Exercise aim ▸ Your task is to copy every record exactly.
□ □ □ □
lemma walk_sign_closed_distinct:
  assumes bal: "balanced V E \<sigma>" and w: "walk V E (c @ [hd c])" and c: "distinct c" "c \<noteq> []"
  shows "walk_sign \<sigma> (c @ [hd c]) = 1"
proof (cases "length c \<ge> 3")
  case True
  have "c @ [hd c] = butlast c @ last c # [hd c]" using c(2) by simp
  then have "walk V E (butlast c @ last c # [hd c])" using w by (simp only:)
  then have "walk V E [last c, hd c]"
    using walk_append_iff[of V E "butlast c" "last c" "[hd c]"] by blast
  then have "E (last c) (hd c)" by simp
  moreover have "walk V E c" using w c walk_appendD1 by blast
  ultimately have "is_cycle V E c" using True c by (simp add: is_cycle_def)
  then have "cycle_sign \<sigma> c = 1" using bal by (simp add: balanced_def)
  then show ?thesis using cycle_sign_eq_walk_sign[OF c(2)] by simp
next
  case False
  moreover have "length c \<noteq> 0" using c(2) by simp
  ultimately have "length c = Suc 0 \<or> length c = Suc (Suc 0)" by arith
  then consider a where "c = [a]" | a b where "c = [a, b]"
    by (auto simp: length_Suc_conv)
  then show ?thesis
  proof cases
    case 1
    then show ?thesis using w no_loop by simp
  next
    case (2 a b)
    then show ?thesis using w sign_sym[of a b] sign_square[of a b] by simp
  qed
qed

lemma walk_sign_closed:
  assumes bal: "balanced V E \<sigma>"
  shows "walk V E W \<Longrightarrow> hd W = last W \<Longrightarrow> walk_sign \<sigma> W = 1"
proof (induction "length W" arbitrary: W rule: less_induct)
  case less
  show ?case
  proof (cases "length W = 1")
    case True
    then show ?thesis by (cases W) auto
  next
    case False
    define c a where "c = butlast W" and "a = last W"
    have W: "W = c @ [a]"
      using walk_not_Nil[OF less.prems(1)] by (simp add: c_def a_def)
    then have "c \<noteq> []" using False by auto
    then have a: "a = hd c" using less.prems(2) by (simp add: W)
    show ?thesis
    proof (cases "distinct c")
      case True
      then show ?thesis
        using walk_sign_closed_distinct[OF bal] less.prems(1) W a \<open>c \<noteq> []\<close> by simp
    next
      case False
      then obtain xs ys zs u where c: "c = xs @ [u] @ ys @ [u] @ zs"
        using not_distinct_decomp by blast
      \<comment> \<open>cut the closed walk at the repeated vertex u into two shorter closed walks\<close>
      have W': "W = xs @ u # ys @ u # zs @ [a]" by (simp add: W c)
      have "walk V E (xs @ [u])"
        using walk_appendD1[of V E "xs @ [u]" "ys @ [u] @ zs @ [a]"] less.prems(1) W' by simp
      moreover have w2: "walk V E (u # ys @ [u] @ zs @ [a])"
        using walk_appendD2[of V E xs "u # ys @ [u] @ zs @ [a]"] less.prems(1) W' by simp
      moreover have "walk V E (u # zs @ [a])"
        using walk_appendD2[of V E "u # ys" "u # zs @ [a]"] w2 by simp
      ultimately have "walk V E (xs @ u # zs @ [a])"
        using walk_append_iff[of V E xs u "zs @ [a]"] by blast
      moreover have "walk V E (u # ys @ [u])"
        using walk_appendD1[of V E "u # ys @ [u]" "zs @ [a]"] w2 by simp
      moreover have "hd (xs @ u # zs @ [a]) = last (xs @ u # zs @ [a])"
        using a c by (cases xs) auto
      ultimately have "walk_sign \<sigma> (xs @ u # zs @ [a]) = 1" "walk_sign \<sigma> (u # ys @ [u]) = 1"
        using less.hyps W' by simp_all
      then show ?thesis
        unfolding W' walk_sign_append[of \<sigma> xs u "ys @ u # zs @ [a]"]
        using walk_sign_append[of \<sigma> "u # ys" u "zs @ [a]"] walk_sign_append[of \<sigma> xs u "zs @ [a]"]
        by simp
    qed
  qed
qed
(* Fix $\varepsilon>0$ and $\gamma\in(0,1)$, and let $d_N=(1-\gamma)\sqrt{\frac{\log N}{2\log\log N}}$. For a group $G$ of order $N$, an integer $d$ with $2\leqslant d\leqslant d_N$, and $p\geqslant \sqrt[d]{d!(1+\varepsilon)\frac{\log N}{N^{d-1}}}$, let $\Gamma\in\mathcal{G}(G,p)$. Then with high probability the diameter of $\Gamma$ is at most $d$; that is, $\Pr(\operatorname{diam}(\Gamma)>d)\to 0$ as $N\to\infty$, uniformly over all groups $G$ of order $N$, all such $d$ and all such $p$.
   Context: For a group $G$ and a subset $S\subseteq G$, the (undirected) Cayley graph $\Gamma(G;S)$ has vertex set $G$ and an edge between $g\neq h$ iff $g^{-1}h\in S$ or $h^{-1}g\in S$ (loops and multiple edges ignored). The model $\mathcal{G}(G,p)$ is the probability space of Cayley graphs $\Gamma(G;S)$ where each element of $G$ is put in $S$ independently with probability $p$. The diameter of a disconnected graph is infinite. "With high probability" means the error probability tends to $0$ as $N\to\infty$, uniformly over the class of groups under consideration. *)

theory Defs
  imports "HOL-Algebra.Group" "HOL-Probability.Probability" "HOL-Library.Extended_Nat"
begin

definition cayley_adj :: "('a, 'b) monoid_scheme \<Rightarrow> 'a set \<Rightarrow> 'a \<Rightarrow> 'a \<Rightarrow> bool" where
  "cayley_adj G S g h \<longleftrightarrow> g \<in> carrier G \<and> h \<in> carrier G \<and> g \<noteq> h \<and>
     (inv\<^bsub>G\<^esub> g \<otimes>\<^bsub>G\<^esub> h \<in> S \<or> inv\<^bsub>G\<^esub> h \<otimes>\<^bsub>G\<^esub> g \<in> S)"

text \<open>Graph distance: least length of a walk; infinite if no walk exists.\<close>
definition cayley_dist :: "('a, 'b) monoid_scheme \<Rightarrow> 'a set \<Rightarrow> 'a \<Rightarrow> 'a \<Rightarrow> enat" where
  "cayley_dist G S g h = (INF n \<in> {n. (cayley_adj G S ^^ n) g h}. enat n)"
□ □ □ □
Exercise response ▸
lemma walk_sign_closed_distinct:
  assumes bal: "balanced V E \<sigma>" and w: "walk V E (c @ [hd c])" and c: "distinct c" "c \<noteq> []"
  shows "walk_sign \<sigma> (c @ [hd c]) = 1"
proof (cases "length c \<ge> 3")
  case True
  have "c @ [hd c] = butlast c @ last c # [hd c]" using c(2) by simp
  then have "walk V E (butlast c @ last c # [hd c])" using w by (simp only:)
  then have "walk V E [last c, hd c]"
    using walk_append_iff[of V E "butlast c" "last c" "[hd c]"] by blast
  then have "E (last c) (hd c)" by simp
  moreover have "walk V E c" using w c walk_appendD1 by blast
  ultimately have "is_cycle V E c" using True c by (simp add: is_cycle_def)
  then have "cycle_sign \<sigma> c = 1" using bal by (simp add: balanced_def)
  then show ?thesis using cycle_sign_eq_walk_sign[OF c(2)] by simp
next
  case False
  moreover have "length c \<noteq> 0" using c(2) by simp
  ultimately have "length c = Suc 0 \<or> length c = Suc (Suc 0)" by arith
  then consider a where "c = [a]" | a b where "c = [a, b]"
    by (auto simp: length_Suc_conv)
  then show ?thesis
  proof cases
    case 1
    then show ?thesis using w no_loop by simp
  next
    case (2 a b)
    then show ?thesis using w sign_sym[of a b] sign_square[of a b] by simp
  qed
qed

lemma walk_sign_closed:
  assumes bal: "balanced V E \<sigma>"
  shows "walk V E W \<Longrightarrow> hd W = last W \<Longrightarrow> walk_sign \<sigma> W = 1"
proof (induction "length W" arbitrary: W rule: less_induct)
  case less
  show ?case
  proof (cases "length W = 1")
    case True
    then show ?thesis by (cases W) auto
  next
    case False
    define c a where "c = butlast W" and "a = last W"
    have W: "W = c @ [a]"
      using walk_not_Nil[OF less.prems(1)] by (simp add: c_def a_def)
    then have "c \<noteq> []" using False by auto
    then have a: "a = hd c" using less.prems(2) by (simp add: W)
    show ?thesis
    proof (cases "distinct c")
      case True
      then show ?thesis
        using walk_sign_closed_distinct[OF bal] less.prems(1) W a \<open>c \<noteq> []\<close> by simp
    next
      case False
      then obtain xs ys zs u where c: "c = xs @ [u] @ ys @ [u] @ zs"
        using not_distinct_decomp by blast
      \<comment> \<open>cut the closed walk at the repeated vertex u into two shorter closed walks\<close>
      have W': "W = xs @ u # ys @ u # zs @ [a]" by (simp add: W c)
      have "walk V E (xs @ [u])"
        using walk_appendD1[of V E "xs @ [u]" "ys @ [u] @ zs @ [a]"] less.prems(1) W' by simp
      moreover have w2: "walk V E (u # ys @ [u] @ zs @ [a])"
        using walk_appendD2[of V E xs "u # ys @ [u] @ zs @ [a]"] less.prems(1) W' by simp
      moreover have "walk V E (u # zs @ [a])"
        using walk_appendD2[of V E "u # ys" "u # zs @ [a]"] w2 by simp
      ultimately have "walk V E (xs @ u # zs @ [a])"
        using walk_append_iff[of V E xs u "zs @ [a]"] by blast
      moreover have "walk V E (u # ys @ [u])"
        using walk_appendD1[of V E "u # ys @ [u]" "zs @ [a]"] w2 by simp
      moreover have "hd (xs @ u # zs @ [a]) = last (xs @ u # zs @ [a])"
        using a c by (cases xs) auto
      ultimately have "walk_sign \<sigma> (xs @ u # zs @ [a]) = 1" "walk_sign \<sigma> (u # ys @ [u]) = 1"
        using less.hyps W' by simp_all
      then show ?thesis
        unfolding W' walk_sign_append[of \<sigma> xs u "ys @ u # zs @ [a]"]
        using walk_sign_append[of \<sigma> "u # ys" u "zs @ [a]"] walk_sign_append[of \<sigma> xs u "zs @ [a]"]
        by simp
    qed
  qed
qed
(* Fix $\varepsilon>0$ and $\gamma\in(0,1)$, and let $d_N=(1-\gamma)\sqrt{\frac{\log N}{2\log\log N}}$. For a group $G$ of order $N$, an integer $d$ with $2\leqslant d\leqslant d_N$, and $p\geqslant \sqrt[d]{d!(1+\varepsilon)\frac{\log N}{N^{d-1}}}$, let $\Gamma\in\mathcal{G}(G,p)$. Then with high probability the diameter of $\Gamma$ is at most $d$; that is, $\Pr(\operatorname{diam}(\Gamma)>d)\to 0$ as $N\to\infty$, uniformly over all groups $G$ of order $N$, all such $d$ and all such $p$.
   Context: For a group $G$ and a subset $S\subseteq G$, the (undirected) Cayley graph $\Gamma(G;S)$ has vertex set $G$ and an edge between $g\neq h$ iff $g^{-1}h\in S$ or $h^{-1}g\in S$ (loops and multiple edges ignored). The model $\mathcal{G}(G,p)$ is the probability space of Cayley graphs $\Gamma(G;S)$ where each element of $G$ is put in $S$ independently with probability $p$. The diameter of a disconnected graph is infinite. "With high probability" means the error probability tends to $0$ as $N\to\infty$, uniformly over the class of groups under consideration. *)

theory Defs
  imports "HOL-Algebra.Group" "HOL-Probability.Probability" "HOL-Library.Extended_Nat"
begin

definition cayley_adj :: "('a, 'b) monoid_scheme \<Rightarrow> 'a set \<Rightarrow> 'a \<Rightarrow> 'a \<Rightarrow> bool" where
  "cayley_adj G S g h \<longleftrightarrow> g \<in> carrier G \<and> h \<in> carrier G \<and> g \<noteq> h \<and>
     (inv\<^bsub>G\<^esub> g \<otimes>\<^bsub>G\<^esub> h \<in> S \<or> inv\<^bsub>G\<^esub> h \<otimes>\<^bsub>G\<^esub> g \<in> S)"

text \<open>Graph distance: least length of a walk; infinite if no walk exists.\<close>
definition cayley_dist :: "('a, 'b) monoid_scheme \<Rightarrow> 'a set \<Rightarrow> 'a \<Rightarrow> 'a \<Rightarrow> enat" where
  "cayley_dist G S g h = (INF n \<in> {n. (cayley_adj G S ^^ n) g h}. enat n)"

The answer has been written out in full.